Ricky Gervais has a talent for pointing out the ludicrousness of everyday situations. In the original version of The Office , he took the familiar misery of a dull 9-5 to award-wining comedic heights. In The Invention Of Lying, he used humor to make his audience take a good, hard look at how many times they tell casual falsehoods in the course of their day. And in the Netflix Original movie Special Correspondents, Gervais targets the 24 hour news cycle. Gervais wrote the script for the satire and stars alongside Eric Bana. The two play an ethically challenged journalistic team who are supposed to be embedded in Ecuador but end up faking their radio broadcasts from a cozy Manhattan apartment when they hit a travel snag. The movie sends up the culture's obsession with info-tainment, but did Gervais borrow from someone's real experience for the script? Is Special Correspondents based on a true story?
The Netflix movie is a wholly fictional story, but it is an adaptation. Gervais said to The Guardian that he "de-Frenched" the screenplay of the original version, Envoyés très spéciaux. The French film was released in 2009 and starred Gérard Jugnot and Gérard Lanvin as the dishonest pair. In both movies, the lies compound to protect the journalists' secret: that they are not in the warzone where they claim to be. The French correspondents fake their dispatches from Iraq. Sound man Ian (Gervais) and reporter Frank (Bana) fool the world into believing that they're in the middle of a violent revolution in Ecuador.

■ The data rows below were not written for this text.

(* Let $n\ge1$, $1\le i\le n$, and let $\mathfrak{g}$ be of type $B_n$. Then \[ \widetilde{\operatorname{ps}}(\widetilde\omega_i)=\begin{bmatrix}2n+1\\ i\end{bmatrix}_q. \]
   Context: For type $B_n$: $\widetilde\omega_i=\omega_i=\epsilon_1+\cdots+\epsilon_i$ for $1\le i<n$ and $\widetilde\omega_n=2\omega_n=\epsilon_1+\cdots+\epsilon_n$. The principal specialization $\operatorname{ps}(\lambda)$ is $\operatorname{ch}V(\lambda)$ with $x_j=q^j$ substituted, and $\widetilde{\operatorname{ps}}(\lambda)=q^{-\eta}\operatorname{ps}(\lambda)$ with $\eta$ the lowest exponent of $q$ in $\operatorname{ps}(\lambda)$. $\begin{bmatrix}a\\ b\end{bmatrix}_q$ is the Gaussian binomial coefficient. *)

theory Defs
  imports "HOL-Computational_Algebra.Formal_Laurent_Series" "HOL-Combinatorics.Permutations"
begin

text \<open>Weights are given by their coordinates w.r.t. eps_1,...,eps_n,
  as functions nat => rat (only the coordinates 1..n are relevant).
  Formal variables x_j = e^(eps_j); the principal specialization substitutes x_j := q^j,
  so e^mu becomes q^(sum_j j * mu_j).\<close>

text \<open>Weyl group of B_n: signed permutations w = (sigma, s) acting by
  (w mu)_j = s_j * mu_(sigma^-1 j); its sign is det w = sign(sigma) * prod s_j.\<close>
definition weylB :: "nat \<Rightarrow> ((nat \<Rightarrow> nat) \<times> (nat \<Rightarrow> int)) set" where
  "weylB n = {(\<sigma>, s). \<sigma> permutes {1..n} \<and> (\<forall>j\<in>{1..n}. s j \<in> {1, -1}) \<and> (\<forall>j. j \<notin> {1..n} \<longrightarrow> s j = 1)}"

definition wsignB :: "nat \<Rightarrow> (nat \<Rightarrow> nat) \<times> (nat \<Rightarrow> int) \<Rightarrow> int" where
  "wsignB n w = sign (fst w) * (\<Prod>j\<in>{1..n}. snd w j)"

definition wactB :: "(nat \<Rightarrow> nat) \<times> (nat \<Rightarrow> int) \<Rightarrow> (nat \<Rightarrow> rat) \<Rightarrow> (nat \<Rightarrow> rat)" where
  "wactB w \<mu> = (\<lambda>j. of_int (snd w j) * \<mu> (inv (fst w) j))"

text \<open>rho = half-sum of positive roots of B_n = (n - 1/2, n - 3/2, ..., 1/2).\<close>
definition rhoB :: "nat \<Rightarrow> nat \<Rightarrow> rat" where
  "rhoB n = (\<lambda>j. if 1 \<le> j \<and> j \<le> n then of_nat n - of_nat j + 1/2 else 0)"

definition ps_exp :: "nat \<Rightarrow> (nat \<Rightarrow> rat) \<Rightarrow> int" where
  "ps_exp n \<mu> = \<lfloor>\<Sum>j\<in>{1..n}. of_nat j * \<mu> j\<rfloor>"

The set-up is reminiscent of political satires that have come before. In Wag The Dog, the U.S. government fakes a war to steer an election. In Bob Roberts, a divisive and under-qualified candidate games the system to become a front-runner for President. And I can't forget to mention The Interview, the movie that ensured that Seth Rogen and James Franco would never, ever be welcomed into North Korea. But that's to be expected when you make a stoner comedy about assassinating an actual, living dictator.
In this new satire, Frank and Ian's scheme spins out of control as the public becomes fascinated with their "heroic" story. There's plenty of funny material to be mined from the media's tendency to deify individuals in order to increase ratings and in its audience's morbid fixation on observing death and destruction from the safety of their own cushy lives. But Gervais is also interested in what drives his main characters; what kind of men would even consider attempting this kind of stunt? Gervais told The Guardian:
Everything I do is somehow rooted in humanity. It’s always about people, it’s always about ego, it’s always about desperation. It’s quite existential. You know, "Am I leading a good life?" That might be because I’m an atheist and I think this is all we’ve got, so you better be nice. And have fun.
"Ego" and "desperation" are two feasible reasons why two men with something to prove would rather place their bets on a massive case of fraud than admit that they screwed up. In that way, Special Correspondents is closer to real life than media professionals and watchers would like to admit.